We do sometimes, and I think it’s true, but there were times that Jesus expressed love that way. He knew that some people were gonna be hurt when they heard his point. When he talked to the rich young ruler or to others, that was stated in love. It was what they needed to do in order to have the relationship with God that they wanted to have.

And he knew they weren’t gonna be able to, but he didn’t just love them in a way that he wanted to make sure they felt good after they were done talking, which is what we sometimes think should happen. That I just love you and give you a hug and I just know you wanna give me a hug before you leave too.

And, I don’t think that’s necessarily accurate. We should be careful not to use tough love as an excuse to explode at somebody, which we do once in a while. But there is a piece of love which is accurate and honest and not tied too closely to their opinion of me when they leave.

And that love, the love of Christ certainly has a long view which is, I think important, isn’t it? It’s not necessarily a quick fix, but a long view mindset.

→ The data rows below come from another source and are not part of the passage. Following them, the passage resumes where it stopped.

(* Let $0<q<1$ and let $r,f,g,v,w,u,x$ be complex parameters with $\max\{|xs|,|xu|\}<1$. Then, with the operators acting on the variable $s$, $$\mathbb{T}(r,f,g,v,w,uD_s)\left\{\frac{1}{(xs;q)_\infty}\right\}=\frac{1}{(xs;q)_\infty}\;{}_3\Phi_2\left[\begin{matrix}r,f,g;\\ v,w;\end{matrix}\;q;\,xu\right]$$ and $$\mathbb{E}(r,f,g,v,w,-u\theta_s)\left\{(xs;q)_\infty\right\}=(xs;q)_\infty\;{}_3\Phi_3\left[\begin{matrix}r,f,g;\\ v,w,0;\end{matrix}\;q;\,xu\right].$$
   Context: Throughout $0<q<1$. For complex $\alpha$: $(\alpha;q)_0=1$, $(\alpha;q)_n=\prod_{k=0}^{n-1}(1-\alpha q^k)$, $(\alpha;q)_\infty=\prod_{k=0}^\infty(1-\alpha q^k)$, and $(\alpha_1,\dots,\alpha_m;q)_n=(\alpha_1;q)_n\cdots(\alpha_m;q)_n$. The basic hypergeometric series is ${}_{\mathfrak r}\Phi_{\mathfrak s}\left[\begin{matrix}a_1,\dots,a_{\mathfrak r};\\ b_1,\dots,b_{\mathfrak s};\end{matrix}\,q;z\right]=\sum_{n=0}^\infty\big[(-1)^nq^{\binom n2}\big]^{1+\mathfrak s-\mathfrak r}\frac{(a_1,\dots,a_{\mathfrak r};q)_n}{(b_1,\dots,b_{\mathfrak s};q)_n}\frac{z^n}{(q;q)_n}$. The $q$-difference operators acting on functions of $s$ are $D_s\{F(s)\}=\frac{F(s)-F(qs)}{s}$ and $\theta_s\{F(s)\}=\frac{F(q^{-1}s)-F(s)}{q^{-1}s}$, with $D_s^0,\theta_s^0$ the identity. For a parameter $y$, $\mathbb{T}(r,f,g,v,w,yD_s)=\sum_{n=0}^\infty\frac{(r,f,g;q)_n}{(q,v,w;q)_n}(yD_s)^n$ and $\mathbb{E}(r,f,g,v,w,y\theta_s)=\sum_{n=0}^\infty\frac{(-1)^nq^{\binom n2}(r,f,g;q)_n}{(q,v,w;q)_n}(y\theta_s)^n$ (here $y=u$ resp. $y=-u$), applied termwise. *)

theory Defs
  imports "HOL-Analysis.Analysis"
begin

definition qpoch :: "complex \<Rightarrow> complex \<Rightarrow> nat \<Rightarrow> complex" where
  "qpoch a q n = (\<Prod>k<n. 1 - a * q ^ k)"

definition qpoch_inf :: "complex \<Rightarrow> complex \<Rightarrow> complex" where
  "qpoch_inf a q = (\<Prod>k. 1 - a * q ^ k)"

definition basic_hyp :: "complex list \<Rightarrow> complex list \<Rightarrow> complex \<Rightarrow> complex \<Rightarrow> complex" where
  "basic_hyp as bs q z =
     (\<Sum>n. ((-1) ^ n * q ^ (n choose 2)) powi (1 + int (length bs) - int (length as))
          * (\<Prod>a\<leftarrow>as. qpoch a q n) / (\<Prod>b\<leftarrow>bs. qpoch b q n)
          * z ^ n / qpoch q q n)"

definition qD :: "complex \<Rightarrow> (complex \<Rightarrow> complex) \<Rightarrow> complex \<Rightarrow> complex" where
  "qD q F s = (F s - F (q * s)) / s"

definition qtheta :: "complex \<Rightarrow> (complex \<Rightarrow> complex) \<Rightarrow> complex \<Rightarrow> complex" where
  "qtheta q F s = (F (s / q) - F s) / (s / q)"

definition opT :: "complex \<Rightarrow> complex \<Rightarrow> complex \<Rightarrow> complex \<Rightarrow> complex \<Rightarrow> complex \<Rightarrow> complex
    \<Rightarrow> (complex \<Rightarrow> complex) \<Rightarrow> complex \<Rightarrow> complex" where
  "opT q r f g v w y F s =
     (\<Sum>n. qpoch r q n * qpoch f q n * qpoch g q n / (qpoch q q n * qpoch v q n * qpoch w q n)
          * (y ^ n * (qD q ^^ n) F s))"

definition opE :: "complex \<Rightarrow> complex \<Rightarrow> complex \<Rightarrow> complex \<Rightarrow> complex \<Rightarrow> complex \<Rightarrow> complex
    \<Rightarrow> (complex \<Rightarrow> complex) \<Rightarrow> complex \<Rightarrow> complex" where
  "opE q r f g v w y F s =
     (\<Sum>n. (-1) ^ n * q ^ (n choose 2) * qpoch r q n * qpoch f q n * qpoch g q n
            / (qpoch q q n * qpoch v q n * qpoch w q n)
          * (y ^ n * (qtheta q ^^ n) F s))"

end

theory Submission
  imports Defs
begin

text \<open>Since \<open>(xt;q)\<^sub>\<infinity> = (1 - xt) (xqt;q)\<^sub>\<infinity>\<close>, the function \<open>1/(xt;q)\<^sub>\<infinity>\<close> is an eigenfunction of
  \<open>D\<^sub>t\<close> with eigenvalue \<open>x\<close>, and \<open>(xt;q)\<^sub>\<infinity>\<close> is an eigenfunction of \<open>\<theta>\<^sub>t\<close> with eigenvalue \<open>-x\<close>.
  Hence every power \<open>(uD\<^sub>s)\<^sup>n\<close> resp. \<open>(-u\<theta>\<^sub>s)\<^sup>n\<close> just multiplies the function by \<open>(xu)\<^sup>n\<close>, and
  the operator series collapses to the function times the basic hypergeometric series in
  \<open>xu\<close>; for \<open>|xu| < 1\<close> that series converges absolutely by the ratio test, so the
  constant factor may be pulled out of the sum.\<close>

lemma prod_list_map_mult:
  fixes f g :: "'a \<Rightarrow> 'b::comm_monoid_mult"
  shows "(\<Prod>x\<leftarrow>xs. f x * g x) = (\<Prod>x\<leftarrow>xs. f x) * (\<Prod>x\<leftarrow>xs. g x)"
  by (induction xs) (simp_all add: mult_ac)

lemma tendsto_prod_list:
  fixes f :: "'a \<Rightarrow> 'b \<Rightarrow> 'c::real_normed_algebra_1"
  assumes "\<And>a. a \<in> set as \<Longrightarrow> ((\<lambda>n. f a n) \<longlongrightarrow> l a) F"
  shows "((\<lambda>n. \<Prod>a\<leftarrow>as. f a n) \<longlongrightarrow> (\<Prod>a\<leftarrow>as. l a)) F"
  using assms by (induction as) (auto intro!: tendsto_mult)

lemma summable_norm_ratio_tendsto:
  fixes T R :: "nat \<Rightarrow> 'a::real_normed_div_algebra"
  assumes ratio: "\<And>n. T (Suc n) = R n * T n"
    and lim: "R \<longlonglongrightarrow> L" and "norm L < 1"
  shows "summable (\<lambda>n. norm (T n))"
proof -
  define m where "m = (norm L + 1) / 2"
  have "norm L < m" "m < 1" using \<open>norm L < 1\<close> by (auto simp: m_def)
  have "(\<lambda>n. norm (R n)) \<longlonglongrightarrow> norm L"
    using lim by (rule tendsto_norm)
  then have "eventually (\<lambda>n. norm (R n) < m) sequentially"
    using \<open>norm L < m\<close> by (rule order_tendstoD)
  then obtain N where N: "\<And>n. n \<ge> N \<Longrightarrow> norm (R n) < m"
    by (auto simp: eventually_sequentially)
  show ?thesis
  proof (rule summable_ratio_test[OF \<open>m < 1\<close>])
    fix n assume "n \<ge> N"
    then have "norm (R n) * norm (T n) \<le> m * norm (T n)"
      using N by (intro mult_right_mono) (auto intro: less_imp_le)
    then show "norm (norm (T (Suc n))) \<le> m * norm (norm (T n))"
      by (simp add: ratio norm_mult)
  qed
qed

lemma qpoch_Suc: "qpoch a c (Suc n) = qpoch a c n * (1 - a * c ^ n)"
  by (simp add: qpoch_def)

lemma qpoch_zero_left [simp]: "qpoch 0 c n = 1"
  by (simp add: qpoch_def)

lemma convergent_prod_qpoch:
  fixes a q :: complex
  assumes "norm q < 1"
  shows "convergent_prod (\<lambda>k. 1 - a * q ^ k)"
proof -
  have "summable (\<lambda>k. norm a * norm q ^ k)"
    using assms by (intro summable_mult summable_geometric) simp
  then have "summable (\<lambda>k. norm ((1 - a * q ^ k) - 1))"
    by (simp add: norm_mult norm_power)
  then show ?thesis
    by (intro abs_convergent_prod_imp_convergent_prod summable_imp_abs_convergent_prod)
qed

lemma qpoch_inf_unfold:
  fixes a q :: complex
  assumes "norm q < 1"
  shows "qpoch_inf a q = (1 - a) * qpoch_inf (a * q) q"
proof -
  have "(\<lambda>k. 1 - a * q ^ k) has_prod ((\<Prod>k<1. 1 - a * q ^ k) * (\<Prod>k. 1 - a * q ^ (k + 1)))"
    by (rule has_prod_ignore_initial_segment'[OF convergent_prod_qpoch[OF assms]])
  then have "qpoch_inf a q = (\<Prod>k<1. 1 - a * q ^ k) * (\<Prod>k. 1 - a * q ^ (k + 1))"
    unfolding qpoch_inf_def by (rule has_prod_unique[symmetric])
  then show ?thesis
    unfolding qpoch_inf_def by (simp add: mult_ac)
qed

lemma summable_norm_qpoch_quotient_series:
  fixes as bs :: "complex list" and c z :: complex
  assumes "norm c < 1" and "norm z < 1"
  shows "summable (\<lambda>n. norm ((\<Prod>a\<leftarrow>as. qpoch a c n) / (\<Prod>b\<leftarrow>bs. qpoch b c n) * z ^ n))"
proof (rule summable_norm_ratio_tendsto)
  fix n
  show "(\<Prod>a\<leftarrow>as. qpoch a c (Suc n)) / (\<Prod>b\<leftarrow>bs. qpoch b c (Suc n)) * z ^ Suc n
      = (\<Prod>a\<leftarrow>as. 1 - a * c ^ n) / (\<Prod>b\<leftarrow>bs. 1 - b * c ^ n) * z
        * ((\<Prod>a\<leftarrow>as. qpoch a c n) / (\<Prod>b\<leftarrow>bs. qpoch b c n) * z ^ n)"
    by (simp add: qpoch_Suc prod_list_map_mult mult_ac)
next
  have "(\<lambda>n. 1 - a * c ^ n) \<longlonglongrightarrow> 1 - a * 0" for a
    by (intro tendsto_intros LIMSEQ_power_zero assms(1))
  then have "(\<lambda>n. \<Prod>a\<leftarrow>xs. 1 - a * c ^ n) \<longlonglongrightarrow> (\<Prod>a\<leftarrow>xs. 1)" for xs
    by (intro tendsto_prod_list) simp
  then have "(\<lambda>n. \<Prod>a\<leftarrow>xs. 1 - a * c ^ n) \<longlonglongrightarrow> 1" for xs
    by (simp add: map_replicate_const)
  then show "(\<lambda>n. (\<Prod>a\<leftarrow>as. 1 - a * c ^ n) / (\<Prod>b\<leftarrow>bs. 1 - b * c ^ n) * z) \<longlonglongrightarrow> 1 / 1 * z"
    by (intro tendsto_intros) simp_all
next
  show "norm (1 / 1 * z) < 1"
    using assms(2) by simp
qed

lemma qD_funpow_eigen:
  assumes "\<And>t. t \<in> S \<Longrightarrow> c * t \<in> S"
    and "\<And>t. t \<in> S \<Longrightarrow> qD c F t = x * F t"
    and "t \<in> S"
  shows "(qD c ^^ n) F t = x ^ n * F t"
  using assms(3)
proof (induction n arbitrary: t)
  case (Suc n)
  have "(qD c ^^ Suc n) F t = ((qD c ^^ n) F t - (qD c ^^ n) F (c * t)) / t"
    by (simp only: funpow.simps o_apply qD_def)
  also have "\<dots> = (x ^ n * F t - x ^ n * F (c * t)) / t"
    using Suc.IH[OF Suc.prems] Suc.IH[OF assms(1)[OF Suc.prems]] by simp
  also have "\<dots> = x ^ n * qD c F t"
    by (simp add: qD_def right_diff_distrib)
  finally show ?case
    using Suc.prems assms(2) by simp
qed simp

lemma qtheta_funpow_eigen:
  assumes "\<And>t. t \<in> S \<Longrightarrow> t / c \<in> S"
    and "\<And>t. t \<in> S \<Longrightarrow> qtheta c F t = x * F t"
    and "t \<in> S"
  shows "(qtheta c ^^ n) F t = x ^ n * F t"
  using assms(3)
proof (induction n arbitrary: t)
  case (Suc n)
  have "(qtheta c ^^ Suc n) F t = ((qtheta c ^^ n) F (t / c) - (qtheta c ^^ n) F t) / (t / c)"
    by (simp only: funpow.simps o_apply qtheta_def)
  also have "\<dots> = (x ^ n * F (t / c) - x ^ n * F t) / (t / c)"
    using Suc.IH[OF Suc.prems] Suc.IH[OF assms(1)[OF Suc.prems]] by simp
  also have "\<dots> = x ^ n * qtheta c F t"
    by (simp add: qtheta_def right_diff_distrib)
  finally show ?case
    using Suc.prems assms(2) by simp
qed simp

lemma qD_inverse_qpoch_inf:
  assumes "norm c < 1" and "t \<noteq> 0" and "x * t \<noteq> 1"
  shows "qD c (\<lambda>t. 1 / qpoch_inf (x * t) c) t = x * (1 / qpoch_inf (x * t) c)"
proof -
  let ?P = "\<lambda>t. qpoch_inf (x * t) c"
  have unfold: "?P t = (1 - x * t) * ?P (c * t)"
    using qpoch_inf_unfold[OF assms(1), of "x * t"] by (simp add: mult_ac)
  have "1 / ?P t - 1 / ?P (c * t) = x * t / ?P t"
  proof (cases "?P (c * t) = 0")
    \<comment> \<open>if \<open>?P (c * t) = 0\<close> then also \<open>?P t = 0\<close>, and both sides are \<open>0\<close> since \<open>1 / 0 = 0\<close>\<close>
    case False
    moreover have "1 - x * t \<noteq> 0"
      using assms(3) by simp
    ultimately have "?P t \<noteq> 0"
      using unfold by simp
    moreover have "1 / ?P (c * t) = (1 - x * t) / ?P t"
      using unfold False \<open>1 - x * t \<noteq> 0\<close> by simp
    ultimately show ?thesis
      by (simp add: field_simps)
  qed (simp add: unfold)
  then show ?thesis
    using assms(2) by (simp add: qD_def)
qed

lemma qtheta_qpoch_inf:
  assumes "norm c < 1" and "c \<noteq> 0" and "t \<noteq> 0"
  shows "qtheta c (\<lambda>t. qpoch_inf (x * t) c) t = - x * qpoch_inf (x * t) c"
proof -
  have "qpoch_inf (x * (t / c)) c = (1 - x * t / c) * qpoch_inf (x * t) c"
    using qpoch_inf_unfold[OF assms(1), of "x * t / c"] assms(2) by simp
  then show ?thesis
    using assms(2,3) by (simp add: qtheta_def field_simps)
qed

lemma opT_qD_eigenfunction:
  assumes "norm c < 1" and "norm (x * y) < 1"
    and eigen: "\<And>n. (qD c ^^ n) F s = x ^ n * F s"
  shows "opT c r f g v w y F s = F s * basic_hyp [r, f, g] [v, w] c (x * y)"
proof -
  define a where "a n = qpoch r c n * qpoch f c n * qpoch g c n
      / (qpoch c c n * qpoch v c n * qpoch w c n) * (x * y) ^ n" for n
  have "summable (\<lambda>n. norm (a n))"
    using summable_norm_qpoch_quotient_series[OF assms(1,2), of "[r, f, g]" "[c, v, w]"]
    by (simp add: a_def mult_ac)
  then have "summable a"
    by (rule summable_norm_cancel)
  have "opT c r f g v w y F s = (\<Sum>n. a n * F s)"
    unfolding opT_def a_def eigen by (simp add: power_mult_distrib mult_ac)
  also have "\<dots> = (\<Sum>n. a n) * F s"
    using \<open>summable a\<close> by (rule suminf_mult2[symmetric])
  also have "(\<Sum>n. a n) = basic_hyp [r, f, g] [v, w] c (x * y)"
    unfolding basic_hyp_def a_def by (simp add: mult_ac)
  finally show ?thesis
    by (simp add: mult_ac)
qed

lemma opE_qtheta_eigenfunction:
  assumes "norm c < 1" and "norm (x * y) < 1"
    and eigen: "\<And>n. (qtheta c ^^ n) F s = x ^ n * F s"
  shows "opE c r f g v w y F s = F s * basic_hyp [r, f, g] [v, w, 0] c (x * y)"
proof -
  define b where "b n = qpoch r c n * qpoch f c n * qpoch g c n
      / (qpoch c c n * qpoch v c n * qpoch w c n) * (x * y) ^ n" for n
  define a where "a n = (-1) ^ n * c ^ (n choose 2) * b n" for n
  have "summable (\<lambda>n. norm (b n))"
    using summable_norm_qpoch_quotient_series[OF assms(1,2), of "[r, f, g]" "[c, v, w]"]
    by (simp add: b_def mult_ac)
  then have "summable a"
  proof (rule summable_comparison_test')
    fix n
    have "norm (a n) = norm c ^ (n choose 2) * norm (b n)"
      by (simp add: a_def norm_mult norm_power)
    also have "\<dots> \<le> norm (b n)"
      using assms(1) by (simp add: mult_left_le_one_le power_le_one)
    finally show "norm (a n) \<le> norm (b n)" .
  qed
  have "opE c r f g v w y F s = (\<Sum>n. a n * F s)"
    unfolding opE_def a_def b_def eigen by (simp add: power_mult_distrib mult_ac)
  also have "\<dots> = (\<Sum>n. a n) * F s"
    using \<open>summable a\<close> by (rule suminf_mult2[symmetric])
  also have "(\<Sum>n. a n) = basic_hyp [r, f, g] [v, w, 0] c (x * y)"
    unfolding basic_hyp_def a_def b_def by (simp add: mult_ac)
  finally show ?thesis
    by (simp add: mult_ac)
qed

theorem corollary1:
  fixes q :: real and r f g v w u x s :: complex
  assumes "0 < q" and "q < 1"
    and "s \<noteq> 0"
    and "max (norm (x * s)) (norm (x * u)) < 1"
  shows "opT (of_real q) r f g v w u (\<lambda>t. 1 / qpoch_inf (x * t) (of_real q)) s
           = 1 / qpoch_inf (x * s) (of_real q) * basic_hyp [r, f, g] [v, w] (of_real q) (x * u)
    \<and> opE (of_real q) r f g v w (- u) (\<lambda>t. qpoch_inf (x * t) (of_real q)) s
           = qpoch_inf (x * s) (of_real q) * basic_hyp [r, f, g] [v, w, 0] (of_real q) (x * u)"
proof -
  let ?c = "complex_of_real q"
  let ?S = "{t. t \<noteq> 0 \<and> norm (x * t) < 1}"
  have c: "norm ?c < 1" "?c \<noteq> 0"
    using assms(1,2) by auto
  have "?c * t \<in> ?S" if "t \<in> ?S" for t
  proof -
    have "norm (x * (?c * t)) = q * norm (x * t)"
      using assms(1) by (simp add: norm_mult)
    also have "\<dots> \<le> norm (x * t)"
      using assms(1,2) by (simp add: mult_left_le_one_le)
    also have "\<dots> < 1"
      using that by simp
    finally show ?thesis
      using that assms(1) by simp
  qed
  then have "(qD ?c ^^ n) (\<lambda>t. 1 / qpoch_inf (x * t) ?c) s = x ^ n * (1 / qpoch_inf (x * s) ?c)" for n
    using assms(3,4) by (intro qD_funpow_eigen[where S = ?S] qD_inverse_qpoch_inf[OF c(1)]) auto
  moreover have "(qtheta ?c ^^ n) (\<lambda>t. qpoch_inf (x * t) ?c) s = (- x) ^ n * qpoch_inf (x * s) ?c" for n
    using assms(3) c by (intro qtheta_funpow_eigen[where S = "- {0}"] qtheta_qpoch_inf) auto
  ultimately show ?thesis
    using assms(4) opT_qD_eigenfunction[OF c(1)] opE_qtheta_eigenfunction[OF c(1), of "- x" "- u"]
    by auto
qed

end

I wanna go now, in the interest of time, let’s now talk about, now this is the personal we’ve looked into ourselves, expectations, a mindset of brokenness.

And so now we’re gonna look a little bit outward and say, Okay, let’s engage, this difficult case. And let me just set up the screen, Ron, and then we’ll start talking it through. But engaging difficult cases there in the picture, we have two roads. We’ve got a Y in the path, and one is maybe more taken than the other.

And perhaps I’d like to maybe suggest the two paths are one, fixing the issue, which is really what the sister wanted last night, right? And so basically let’s bring this to solution, to conclusion. And then there is this other issue, this other route of accepting the issue. And I think even on the previous slide about recognizing broken realities and those types of things, we have how do we help a person accept an issue?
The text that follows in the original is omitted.